▶ _Your objective_:
Write out exactly, please, the lines from the one containing "(LEAST n. \<exists>p." to the end of the material.

▶ _Extracted data_:
Start of Block

(* Let $J$ be a bounded half-line Jacobi matrix with $0<\inf_na_n\le\sup_na_n<\infty$, let $\mathcal R$ be the set of its right limits, and let $K\subset\mathbb{R}$ be compact. Suppose that for each $x_0\in K$ and $J^{(r)}\in\mathcal R$ there is a (complex) solution $u^+=u^+(J^{(r)},x_0)$, $n\in\mathbb{Z}$, of $a^{(r)}_nu_{n+1}+b^{(r)}_nu_n+a^{(r)}_{n-1}u_{n-1}=x_0u_n$ such that (i) $\sup_{n\in\mathbb{Z},\,x_0\in K,\,J^{(r)}\in\mathcal R}|u^+_n(J^{(r)},x_0)|<\infty$, and (ii) $\inf_{x_0\in K,\,J^{(r)}\in\mathcal R}\ a_0^{(r)}\big|u_1^+\overline{u_0^+}-\overline{u_1^+}u_0^+\big|>0$. Then the Nevai condition holds for $J$ uniformly on $K$, i.e. $\sup_{x_0\in K}\ p_n(x_0)^2/K_n(x_0,x_0)\to0$ as $n\to\infty$ (and hence the Nevai condition holds at every $x_0\in K$).
   Context: A half-line Jacobi matrix $J$ with parameters $\{a_n,b_n\}_{n\ge1}$ ($a_n>0$) acts on $\ell^2(\{1,2,\dots\})$ by $J_{nn}=b_n$, $J_{n,n+1}=J_{n+1,n}=a_n$; $\rho$ is its spectral measure for $\delta_1$, $p_n$ ($n\ge0$) its orthonormal polynomials ($p_{-1}=0$, $p_0=1$, $xp_n=a_{n+1}p_{n+1}+b_{n+1}p_n+a_np_{n-1}$), and $K_n(x,y)=\sum_{j=0}^np_j(x)p_j(y)$. A two-sided sequence $\{a^{(r)}_n,b^{(r)}_n\}_{n\in\mathbb{Z}}$ is a right limit of $J$ if there are $m_j\to\infty$ with $a_{m_j+n}\to a^{(r)}_n$ and $b_{m_j+n}\to b^{(r)}_n$ for every $n\in\mathbb{Z}$; the corresponding two-sided Jacobi matrix is denoted $J^{(r)}$. The Nevai condition at $x_0$ means $K_n(x,x_0)^2\,d\rho(x)/K_n(x_0,x_0)\to\delta_{x_0}$ weakly. *)

theory Defs
  imports "HOL-Analysis.Analysis"
begin
(* Each of the following graphs is geodesic-transitive: the Hamming graph $H(k,m)$ ($m\ge2$), the halved $k$-cube $\tfrac12 H(k,2)$, the folded $k$-cube $\bar H(k,2)$, and (for $k$ even) the halved folded $k$-cube $\tfrac12\bar H(k,2)$.
   Context: $H(k,m)$ has vertex set $\{0,1,\dots,m-1\}^k$, two $k$-tuples adjacent iff they differ in exactly one coordinate; $H(k,2)$ is the $k$-cube. The halved $k$-cube is the graph induced by the distance-$2$ graph of $H(k,2)$ on one of its two bipartition classes. The folded $k$-cube is obtained by identifying each vertex $x$ of $H(k,2)$ with its complement $x+(1,\dots,1)$, two classes adjacent iff they contain adjacent vertices. For $k$ even the folded $k$-cube is bipartite and the halved folded $k$-cube is the graph induced by its distance-$2$ graph on one bipartition class. A geodesic of length $\ell$ is a vertex sequence $(v_0,\dots,v_\ell)$ with consecutive vertices adjacent and $d(v_0,v_\ell)=\ell$; a graph is geodesic-transitive if its automorphism group is transitive on geodesics of each length. *)

theory Defs
  imports Main
begin

definition walk :: "'a set \<Rightarrow> ('a \<Rightarrow> 'a \<Rightarrow> bool) \<Rightarrow> 'a list \<Rightarrow> bool" where
  "walk V E p \<longleftrightarrow> p \<noteq> [] \<and> set p \<subseteq> V \<and>
     (\<forall>i. Suc i < length p \<longrightarrow> E (p ! i) (p ! Suc i))"

definition gdist :: "'a set \<Rightarrow> ('a \<Rightarrow> 'a \<Rightarrow> bool) \<Rightarrow> 'a \<Rightarrow> 'a \<Rightarrow> nat" where
  "gdist V E u v = (LEAST n. \<exists>p. walk V E p \<and> hd p = u \<and> last p = v \<and> length p = Suc n)"

definition geodesic :: "'a set \<Rightarrow> ('a \<Rightarrow> 'a \<Rightarrow> bool) \<Rightarrow> 'a list \<Rightarrow> bool" where
  "geodesic V E p \<longleftrightarrow> walk V E p \<and> gdist V E (hd p) (last p) = length p - 1"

End of Block

▶ _Result for this task_:
  "gdist V E u v = (LEAST n. \<exists>p. walk V E p \<and> hd p = u \<and> last p = v \<and> length p = Suc n)"

definition geodesic :: "'a set \<Rightarrow> ('a \<Rightarrow> 'a \<Rightarrow> bool) \<Rightarrow> 'a list \<Rightarrow> bool" where
  "geodesic V E p \<longleftrightarrow> walk V E p \<and> gdist V E (hd p) (last p) = length p - 1"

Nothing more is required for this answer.